**Exercise**
After locating the line that contains "(\<exists>!z. mV (qu" in the records below, write out exactly that line and each line after it through the one that contains "(* (pi2, gamma2)", and nothing else.

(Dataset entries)

• • •

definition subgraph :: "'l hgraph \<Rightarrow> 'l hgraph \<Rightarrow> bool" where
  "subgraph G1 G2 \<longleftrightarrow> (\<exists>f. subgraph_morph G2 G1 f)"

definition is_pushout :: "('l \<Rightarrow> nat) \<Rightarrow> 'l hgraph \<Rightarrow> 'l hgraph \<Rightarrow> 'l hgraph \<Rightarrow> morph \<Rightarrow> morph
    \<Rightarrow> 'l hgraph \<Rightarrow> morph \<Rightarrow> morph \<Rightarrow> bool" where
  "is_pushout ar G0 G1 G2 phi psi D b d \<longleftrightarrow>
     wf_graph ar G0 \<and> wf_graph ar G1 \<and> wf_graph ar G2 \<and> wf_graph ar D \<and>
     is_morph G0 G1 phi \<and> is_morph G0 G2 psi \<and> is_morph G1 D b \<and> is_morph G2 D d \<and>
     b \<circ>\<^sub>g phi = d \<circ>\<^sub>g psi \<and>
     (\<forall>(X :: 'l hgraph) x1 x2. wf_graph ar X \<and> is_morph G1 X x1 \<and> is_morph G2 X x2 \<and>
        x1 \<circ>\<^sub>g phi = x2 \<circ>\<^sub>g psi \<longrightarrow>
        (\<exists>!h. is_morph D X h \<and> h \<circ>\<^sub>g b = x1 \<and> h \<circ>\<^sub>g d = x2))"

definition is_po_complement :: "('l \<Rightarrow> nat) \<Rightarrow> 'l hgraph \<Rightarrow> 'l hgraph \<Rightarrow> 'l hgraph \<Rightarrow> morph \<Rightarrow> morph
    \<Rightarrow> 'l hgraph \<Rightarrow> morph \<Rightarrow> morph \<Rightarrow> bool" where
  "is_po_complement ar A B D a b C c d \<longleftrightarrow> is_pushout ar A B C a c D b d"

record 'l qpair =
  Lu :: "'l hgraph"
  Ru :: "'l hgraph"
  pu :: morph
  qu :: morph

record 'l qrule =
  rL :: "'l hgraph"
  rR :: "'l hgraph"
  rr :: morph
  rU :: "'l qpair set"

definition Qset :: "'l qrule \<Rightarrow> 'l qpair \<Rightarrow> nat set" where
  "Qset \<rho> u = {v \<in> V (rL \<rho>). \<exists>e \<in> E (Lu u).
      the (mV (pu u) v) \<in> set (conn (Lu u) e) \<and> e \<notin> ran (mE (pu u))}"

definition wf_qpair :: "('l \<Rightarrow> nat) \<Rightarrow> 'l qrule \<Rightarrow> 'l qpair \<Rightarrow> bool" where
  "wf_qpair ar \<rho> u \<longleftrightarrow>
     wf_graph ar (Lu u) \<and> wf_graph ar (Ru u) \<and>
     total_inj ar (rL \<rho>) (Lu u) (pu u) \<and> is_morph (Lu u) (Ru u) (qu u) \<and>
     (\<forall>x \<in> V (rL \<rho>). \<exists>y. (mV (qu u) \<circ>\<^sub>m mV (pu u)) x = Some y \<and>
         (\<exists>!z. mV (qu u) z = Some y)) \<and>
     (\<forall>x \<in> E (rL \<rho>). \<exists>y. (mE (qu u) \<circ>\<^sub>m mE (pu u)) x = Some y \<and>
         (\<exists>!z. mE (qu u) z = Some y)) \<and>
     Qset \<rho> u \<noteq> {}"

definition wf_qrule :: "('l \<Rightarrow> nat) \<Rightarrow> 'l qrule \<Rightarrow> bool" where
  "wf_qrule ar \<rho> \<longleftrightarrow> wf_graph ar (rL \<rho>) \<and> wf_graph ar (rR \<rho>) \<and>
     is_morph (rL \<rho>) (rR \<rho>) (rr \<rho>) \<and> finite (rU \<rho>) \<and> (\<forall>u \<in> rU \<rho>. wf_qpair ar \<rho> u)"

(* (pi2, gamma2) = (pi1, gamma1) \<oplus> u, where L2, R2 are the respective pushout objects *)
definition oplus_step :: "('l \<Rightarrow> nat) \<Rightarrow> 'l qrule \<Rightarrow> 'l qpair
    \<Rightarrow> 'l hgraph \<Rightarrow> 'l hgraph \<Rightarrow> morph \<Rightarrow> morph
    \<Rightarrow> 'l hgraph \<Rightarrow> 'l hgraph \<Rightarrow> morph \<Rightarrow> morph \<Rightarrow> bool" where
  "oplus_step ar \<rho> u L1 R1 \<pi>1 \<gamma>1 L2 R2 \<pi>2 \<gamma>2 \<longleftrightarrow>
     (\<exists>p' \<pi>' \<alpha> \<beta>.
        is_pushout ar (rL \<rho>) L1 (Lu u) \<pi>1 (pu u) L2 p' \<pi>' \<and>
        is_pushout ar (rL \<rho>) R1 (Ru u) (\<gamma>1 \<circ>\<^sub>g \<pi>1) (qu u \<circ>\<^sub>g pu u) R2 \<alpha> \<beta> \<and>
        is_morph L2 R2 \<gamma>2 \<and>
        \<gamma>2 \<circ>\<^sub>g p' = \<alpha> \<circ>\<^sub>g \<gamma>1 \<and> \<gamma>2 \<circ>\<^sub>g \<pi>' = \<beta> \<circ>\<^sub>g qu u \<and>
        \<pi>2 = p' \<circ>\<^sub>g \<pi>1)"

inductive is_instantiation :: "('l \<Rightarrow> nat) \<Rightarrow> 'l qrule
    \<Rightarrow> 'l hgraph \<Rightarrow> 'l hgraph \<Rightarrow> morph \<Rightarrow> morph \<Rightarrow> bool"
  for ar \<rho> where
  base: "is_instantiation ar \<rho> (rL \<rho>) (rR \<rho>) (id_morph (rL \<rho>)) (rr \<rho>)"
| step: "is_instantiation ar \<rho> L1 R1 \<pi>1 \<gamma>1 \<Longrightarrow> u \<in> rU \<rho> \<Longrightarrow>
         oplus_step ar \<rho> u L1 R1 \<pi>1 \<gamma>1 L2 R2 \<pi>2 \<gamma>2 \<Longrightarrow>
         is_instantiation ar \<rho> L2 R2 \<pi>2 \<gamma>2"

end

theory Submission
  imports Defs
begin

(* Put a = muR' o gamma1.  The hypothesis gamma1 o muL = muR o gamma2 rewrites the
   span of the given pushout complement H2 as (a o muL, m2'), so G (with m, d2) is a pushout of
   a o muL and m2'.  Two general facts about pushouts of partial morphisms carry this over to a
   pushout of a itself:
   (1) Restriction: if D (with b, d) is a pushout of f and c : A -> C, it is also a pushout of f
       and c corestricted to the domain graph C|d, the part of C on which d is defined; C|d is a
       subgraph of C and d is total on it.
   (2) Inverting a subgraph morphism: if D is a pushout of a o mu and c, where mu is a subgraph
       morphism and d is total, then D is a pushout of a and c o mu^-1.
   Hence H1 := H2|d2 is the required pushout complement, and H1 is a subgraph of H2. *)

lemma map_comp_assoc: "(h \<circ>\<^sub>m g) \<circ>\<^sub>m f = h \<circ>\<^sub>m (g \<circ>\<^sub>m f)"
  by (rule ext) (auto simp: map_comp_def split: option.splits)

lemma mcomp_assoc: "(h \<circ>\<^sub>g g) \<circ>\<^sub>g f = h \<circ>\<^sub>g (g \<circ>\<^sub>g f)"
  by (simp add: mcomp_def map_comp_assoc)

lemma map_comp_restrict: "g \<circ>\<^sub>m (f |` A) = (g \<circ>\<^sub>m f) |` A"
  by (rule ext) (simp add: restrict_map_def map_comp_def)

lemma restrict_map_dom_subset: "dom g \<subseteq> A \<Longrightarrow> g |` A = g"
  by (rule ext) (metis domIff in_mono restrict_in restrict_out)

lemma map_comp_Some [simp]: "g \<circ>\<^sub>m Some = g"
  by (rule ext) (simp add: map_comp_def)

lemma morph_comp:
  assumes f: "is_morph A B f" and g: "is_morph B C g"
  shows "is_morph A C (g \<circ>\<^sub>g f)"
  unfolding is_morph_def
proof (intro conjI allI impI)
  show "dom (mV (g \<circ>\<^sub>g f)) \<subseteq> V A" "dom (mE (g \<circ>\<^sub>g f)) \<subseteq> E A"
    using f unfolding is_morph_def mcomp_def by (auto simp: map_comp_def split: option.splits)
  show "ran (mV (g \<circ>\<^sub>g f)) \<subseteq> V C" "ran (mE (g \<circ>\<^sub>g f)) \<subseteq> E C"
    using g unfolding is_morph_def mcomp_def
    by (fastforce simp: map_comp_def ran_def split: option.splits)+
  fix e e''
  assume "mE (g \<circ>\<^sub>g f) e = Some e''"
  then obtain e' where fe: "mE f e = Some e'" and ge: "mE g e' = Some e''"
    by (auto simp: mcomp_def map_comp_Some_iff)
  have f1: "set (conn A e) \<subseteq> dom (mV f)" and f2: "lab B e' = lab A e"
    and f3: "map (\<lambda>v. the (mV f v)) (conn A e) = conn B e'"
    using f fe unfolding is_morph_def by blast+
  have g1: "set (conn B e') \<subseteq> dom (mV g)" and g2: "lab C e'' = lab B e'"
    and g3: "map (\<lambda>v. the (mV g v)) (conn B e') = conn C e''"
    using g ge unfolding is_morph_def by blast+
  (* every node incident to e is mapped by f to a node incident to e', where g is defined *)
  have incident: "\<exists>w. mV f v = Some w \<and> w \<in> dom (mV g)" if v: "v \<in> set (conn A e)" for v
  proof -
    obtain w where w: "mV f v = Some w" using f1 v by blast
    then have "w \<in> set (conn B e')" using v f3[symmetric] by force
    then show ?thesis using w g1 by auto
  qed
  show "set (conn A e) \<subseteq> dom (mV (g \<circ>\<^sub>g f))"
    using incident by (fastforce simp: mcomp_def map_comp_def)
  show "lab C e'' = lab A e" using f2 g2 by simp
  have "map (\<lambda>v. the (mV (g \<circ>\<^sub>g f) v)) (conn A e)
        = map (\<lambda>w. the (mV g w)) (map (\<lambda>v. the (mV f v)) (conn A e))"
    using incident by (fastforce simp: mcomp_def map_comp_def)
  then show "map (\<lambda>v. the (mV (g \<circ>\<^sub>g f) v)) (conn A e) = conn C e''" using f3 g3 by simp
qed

• • •

**Answer area**
         (\<exists>!z. mV (qu u) z = Some y)) \<and>
     (\<forall>x \<in> E (rL \<rho>). \<exists>y. (mE (qu u) \<circ>\<^sub>m mE (pu u)) x = Some y \<and>
         (\<exists>!z. mE (qu u) z = Some y)) \<and>
     Qset \<rho> u \<noteq> {}"

definition wf_qrule :: "('l \<Rightarrow> nat) \<Rightarrow> 'l qrule \<Rightarrow> bool" where
  "wf_qrule ar \<rho> \<longleftrightarrow> wf_graph ar (rL \<rho>) \<and> wf_graph ar (rR \<rho>) \<and>
     is_morph (rL \<rho>) (rR \<rho>) (rr \<rho>) \<and> finite (rU \<rho>) \<and> (\<forall>u \<in> rU \<rho>. wf_qpair ar \<rho> u)"

(* (pi2, gamma2) = (pi1, gamma1) \<oplus> u, where L2, R2 are the respective pushout objects *)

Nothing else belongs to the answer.